AC : Au-delà de l’organisation de la biologie allemande et française, il y a des préoccupations médicales similaires aux deux pays. Le comité scientifique a montré un intérêt manifeste pour la place et le rôle du biologiste à l’ère de la génomique. Le premier acte se déclinera sans doute en une ou deux sessions avec le volet technologique, le changement dans la prise en charge des patients que cela implique, et la collaboration avec les médecins qui n’ont pas tout le savoir analytique ni la valeur ajoutée que peuvent apporter les techniques de séquençage et les techniques génomiques. Dans le volet programmation plus clinicien, les pathologies du système digestif seront déclinées en plusieurs sessions, avec un volet prospectif sur toutes les analyses de microbiote. Le troisième axe sera un volet plus métier sur l’accès à toutes les analyses de la CNAM, le rôle du biologiste et les responsabilités qu’il peut avoir dans l’amendement des prescriptions.
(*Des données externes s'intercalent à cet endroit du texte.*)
text \<open>The basic identity behind everything: pairing P_R a with b in L^2(\<mu>) is the integral of
  a(\<pi>(R \<xi>)) b(\<pi> \<xi>) against the total measure, because \<eta> x lives on the fiber over x.\<close>

lemma markov_pairing:
  fixes a b :: "'x \<Rightarrow> real"
  assumes [measurable]: "R \<in> Mm \<rightarrow>\<^sub>M Mm" "a \<in> borel_measurable \<mu>" "b \<in> borel_measurable \<mu>"
    and int: "integrable \<nu> (\<lambda>\<xi>. a (\<pi> (R \<xi>)) * b (\<pi> \<xi>))"
  shows "(\<integral>x. markov_op \<eta> \<pi> R a x * b x \<partial>\<mu>) = (\<integral>\<xi>. a (\<pi> (R \<xi>)) * b (\<pi> \<xi>) \<partial>\<nu>)"
proof -
  have fiberwise: "(\<integral>\<xi>. a (\<pi> (R \<xi>)) * b (\<pi> \<xi>) \<partial>\<eta> x) = markov_op \<eta> \<pi> R a x * b x"
    if x: "x \<in> space \<mu>" for x
  proof -
    have "(\<integral>\<xi>. a (\<pi> (R \<xi>)) * b (\<pi> \<xi>) \<partial>\<eta> x) = (\<integral>\<xi>. a (\<pi> (R \<xi>)) * b x \<partial>\<eta> x)"
    proof (rule integral_cong_AE)
      have "borel_measurable (\<eta> x) = (borel_measurable Mm :: ('m \<Rightarrow> real) set)"
        by (rule measurable_cong_sets[OF fiber_measure(2)[OF x] refl])
      then show "(\<lambda>\<xi>. a (\<pi> (R \<xi>)) * b (\<pi> \<xi>)) \<in> borel_measurable (\<eta> x)"
        "(\<lambda>\<xi>. a (\<pi> (R \<xi>)) * b x) \<in> borel_measurable (\<eta> x)"
        by simp_all
      show "AE \<xi> in \<eta> x. a (\<pi> (R \<xi>)) * b (\<pi> \<xi>) = a (\<pi> (R \<xi>)) * b x"
        using fiber_AE[OF x] by eventually_elim simp
    qed
    then show ?thesis by (simp add: markov_op_def)
  qed
  have "(\<integral>\<xi>. a (\<pi> (R \<xi>)) * b (\<pi> \<xi>) \<partial>\<nu>) = (\<integral>x. \<integral>\<xi>. a (\<pi> (R \<xi>)) * b (\<pi> \<xi>) \<partial>\<eta> x \<partial>\<mu>)"
    by (rule kernel_integral[OF kernel_measurable _ int prob_space.not_empty[OF prob_space_base]])
      measurable
  also have "\<dots> = (\<integral>x. markov_op \<eta> \<pi> R a x * b x \<partial>\<mu>)"
    by (rule Bochner_Integration.integral_cong[OF refl fiberwise])
  finally show ?thesis ..
qed

lemma markov_adjoint_of_left_inverse:
  fixes a b :: "'x \<Rightarrow> real"
  assumes R: "preserves R" and R'[measurable]: "R' \<in> Mm \<rightarrow>\<^sub>M Mm"
    and inv: "\<And>\<xi>. \<xi> \<in> space Mm \<Longrightarrow> R' (R \<xi>) = \<xi>"
    and [measurable]: "a \<in> borel_measurable \<mu>" "b \<in> borel_measurable \<mu>"
    and a2: "integrable \<mu> (\<lambda>x. (a x)\<^sup>2)" and b2: "integrable \<mu> (\<lambda>x. (b x)\<^sup>2)"
  shows "(\<integral>x. markov_op \<eta> \<pi> R' a x * b x \<partial>\<mu>) = (\<integral>x. a x * markov_op \<eta> \<pi> R b x \<partial>\<mu>)"
proof -
  have R'_pres: "preserves R'" by (rule preserves_left_inverse[OF R R' inv])
  have [measurable]: "R \<in> Mm \<rightarrow>\<^sub>M Mm" using R unfolding preserves_def by simp
  have "(\<integral>x. markov_op \<eta> \<pi> R' a x * b x \<partial>\<mu>) = (\<integral>\<xi>. a (\<pi> (R' \<xi>)) * b (\<pi> \<xi>) \<partial>\<nu>)"
    using integrable_lift_product[OF R'_pres _ _ a2 b2] by (intro markov_pairing) simp_all
  also have "\<dots> = (\<integral>\<xi>. a (\<pi> (R' (R \<xi>))) * b (\<pi> (R \<xi>)) \<partial>\<nu>)"
    by (rule integral_preserves[OF R, symmetric]) measurable
  also have "\<dots> = (\<integral>\<xi>. b (\<pi> (R \<xi>)) * a (\<pi> \<xi>) \<partial>\<nu>)"
    by (rule Bochner_Integration.integral_cong) (simp_all add: space_total inv)
  also have "\<dots> = (\<integral>x. markov_op \<eta> \<pi> R b x * a x \<partial>\<mu>)"
    using integrable_lift_product[OF R _ _ b2 a2] by (intro markov_pairing[symmetric]) simp_all
  finally show ?thesis by (simp add: mult.commute)
qed

end

section \<open>Symmetric random systems\<close>

locale symmetric_system =
  fixes Mm :: "'m measure" and Xm :: "'x measure" and \<pi> :: "'m \<Rightarrow> 'x"
    and T :: "'m \<Rightarrow> 'm" and \<eta> :: "'x \<Rightarrow> 'm measure" and \<mu> :: "'x measure"
    and Jt :: "'m \<Rightarrow> 'm" and J :: "'x \<Rightarrow> 'x" and St :: "'m \<Rightarrow> 'm" and S :: "'x \<Rightarrow> 'x"
  assumes invariant: "T_invariant Mm Xm \<pi> T \<eta> \<mu>"
    and reversal: "time_reversing_map Mm Xm \<pi> T \<eta> \<mu> Jt J"
    and automorphism: "automorphism Mm Xm \<pi> T \<eta> \<mu> St S"
    and symmetry: "\<forall>x\<in>space Xm. S x = J x"

sublocale symmetric_system \<subseteq> fibred_measure Mm Xm \<pi> \<eta> \<mu>
  using invariant unfolding T_invariant_def random_system_def fibred_measure_def by blast

context symmetric_system
begin

abbreviation Tinv :: "'m \<Rightarrow> 'm" where "Tinv \<equiv> the_inv_into (space Mm) T"

lemma T_preserves: "preserves T"
  using invariant comp_measure_eq
  unfolding T_invariant_def measurable_iso_def preserves_def by auto

lemma Jt_preserves: "preserves Jt"
  using reversal comp_measure_eq
  unfolding time_reversing_map_def measurable_iso_def preserves_def by auto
FB : L’enjeu des données de santé est un enjeu politique important. Le ministère s’est prononcé pour un accès gratuit à ces données pour les professionnels. Nous souhaitons qu’un certain nombre de laboratoires comme Biomnis, Cerba, Novescia ou d’autres grands réseaux créent un observatoire des données biologiques afin que nous puissions partager ces données, et que nous ayons des données fiables. Le plan triannuel est tellement serré dans sa réalisation que pour le respecter et ne pas avoir de baisse drastique, il nous faudra maîtriser ces données et voir le tendanciel sur chaque ligne d’examen.
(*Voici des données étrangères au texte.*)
lemma strict_mono_convex_diff_mult_diff_ge:
  fixes g :: "real \<Rightarrow> real"
  assumes mono: "strict_mono_on {0..1} g" and conv: "convex_on {0..1} g"
    and x: "x \<in> {0..1}" and y: "y \<in> {0..1}" and d: "0 < d" "d \<le> \<bar>x - y\<bar>"
  shows "d * (g d - g 0) \<le> (x - y) * (g x - g y)"
proof -
  have *: "d * (g d - g 0) \<le> (b - a) * (g b - g a)" if "0 \<le> a" "a \<le> b" "b \<le> 1" "d \<le> b - a" for a b
  proof -
    have "g d \<le> g (b - a)"
      using mono d that by (cases "d = b - a") (auto simp: strict_mono_on_def intro: less_imp_le)
    also have "g (b - a) - g 0 \<le> g b - g a" using convex_on_increment_le[OF conv that(1-3)] .
    finally have "g d - g 0 \<le> g b - g a" by simp
    moreover have "0 \<le> g d - g 0" using mono d that by (auto simp: strict_mono_on_def intro: less_imp_le)
    ultimately show ?thesis using that d by (intro mult_mono) auto
  qed
  show ?thesis
  proof (cases "x \<le> y")
    case True
    then show ?thesis using *[of x y] x y d by (simp add: algebra_simps)
  next
    case False
    then show ?thesis using *[of y x] x y d by auto
  qed
qed

lemma strict_mono_convex_tendsto_of_diff_mult_diff:
  fixes g :: "real \<Rightarrow> real" and x :: "nat \<Rightarrow> real"
  assumes mono: "strict_mono_on {0..1} g" and conv: "convex_on {0..1} g"
    and x: "\<And>n. x n \<in> {0..1}" and y: "y \<in> {0..1}"
    and lim: "(\<lambda>n. (x n - y) * (g (x n) - g y)) \<longlonglongrightarrow> 0"
  shows "x \<longlonglongrightarrow> y"
proof (rule tendstoI)
  fix e :: real assume "0 < e"
  define d where "d = min e 1"
  have d: "0 < d" "d \<le> 1" "d \<le> e" using \<open>0 < e\<close> by (auto simp: d_def)
  then have "g 0 < g d" using mono by (auto simp: strict_mono_on_def)
  with d have "0 < d * (g d - g 0)" by simp
  with lim have "eventually (\<lambda>n. (x n - y) * (g (x n) - g y) < d * (g d - g 0)) sequentially"
    by (rule order_tendstoD)
  then show "eventually (\<lambda>n. dist (x n) y < e) sequentially"
  proof eventually_elim
    case (elim n)
    then have "\<bar>x n - y\<bar> < d"
      using strict_mono_convex_diff_mult_diff_ge[OF mono conv x[of n] y d(1)] by (meson leD not_le_imp_less)
    then show ?case using d by (simp add: dist_real_def)
  qed
qed

lemma one_minus_prod_le_sum:
  fixes f :: "'a \<Rightarrow> real"
  assumes "\<And>i. i \<in> A \<Longrightarrow> 0 \<le> f i \<and> f i \<le> 1"
  shows "1 - prod f A \<le> (\<Sum>i\<in>A. 1 - f i)"
  using assms
proof (induction A rule: infinite_finite_induct)
  case (insert a A)
  have "0 \<le> prod f A" "prod f A \<le> 1" "0 \<le> f a" "f a \<le> 1"
    using insert by (auto intro: prod_nonneg prod_le_1)
  then have "1 - f a * prod f A \<le> (1 - f a) + (1 - prod f A)"
    using mult_nonneg_nonneg[of "1 - f a" "1 - prod f A"] by (simp add: algebra_simps)
  then show ?case using insert by simp
qed auto

lemma prod_le_member:
  fixes f :: "'a \<Rightarrow> real"
  assumes "finite A" "a \<in> A" "\<And>i. i \<in> A \<Longrightarrow> 0 \<le> f i \<and> f i \<le> 1"
  shows "prod f A \<le> f a"
proof -
  have "prod f A = f a * prod f (A - {a})" using assms by (simp add: prod.remove)
  also have "\<dots> \<le> f a" using assms by (intro mult_left_le prod_le_1) auto
  finally show ?thesis .
qed

definition comb :: "real \<Rightarrow> (nat \<Rightarrow> nat \<Rightarrow> real) \<Rightarrow> (nat \<Rightarrow> nat \<Rightarrow> real) \<Rightarrow> nat \<Rightarrow> nat \<Rightarrow> real" where
  "comb \<theta> x y = (\<lambda>t l. \<theta> * x t l + (1 - \<theta>) * y t l)"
Le dernier volet important est celui des examens actuellement non remboursables. Quelle est la partie des examens que la société peut prendre en charge, dans sa globalité ? Cela sera aussi un enjeu économique car cela bouleverse la nomenclature, les équilibres. Il faut y travailler régulièrement. Dernière chose, il y a une demande des organisations libérales de laboratoires, de groupements qui veulent témoigner de leur expérience. Comme nous donnons la parole aux industriels, pour montrer ce qu’ils font exactement et les sujets sur lesquels ils travaillent lors des ateliers, nous ferons de même avec les grands réseaux sur ce salon. Il nous faut ouvrir la porte à des organisations structurées de biologistes. L’objectif reste de mieux soigner les gens, c’est que nous ne devons jamais perdre de vue. Il y avait à dépasser les réticences internes, structurées ou non, et aujourd’hui nous sommes allés au-delà.

L’idée en France est aussi que nous poursuivions notre chemin et que nous ayons une discussion avec les anatomopathologistes, avec les radiologues. Je suis partisan d’ouvrir une conférence pour essayer de parler du diagnostic en France. Avec les anatomopathologistes, il y a des champs communs et avec les radiologues, il y a des choses qui peuvent se compléter. Nous faisons partie des professions qui peuvent apporter dans l’exercice du médecin de tous les jours les éléments qui lui permettent de conforter son orientation thérapeutique. Il nous faut voir au-delà de notre profession maintenant. Nous avons déjà dépassé le cadre de la réorganisation et de l’accréditation qui sont désormais inscrites dans la loi. Maintenant il faut se pencher sur ce que nous allons faire dans cinq ou dix ans.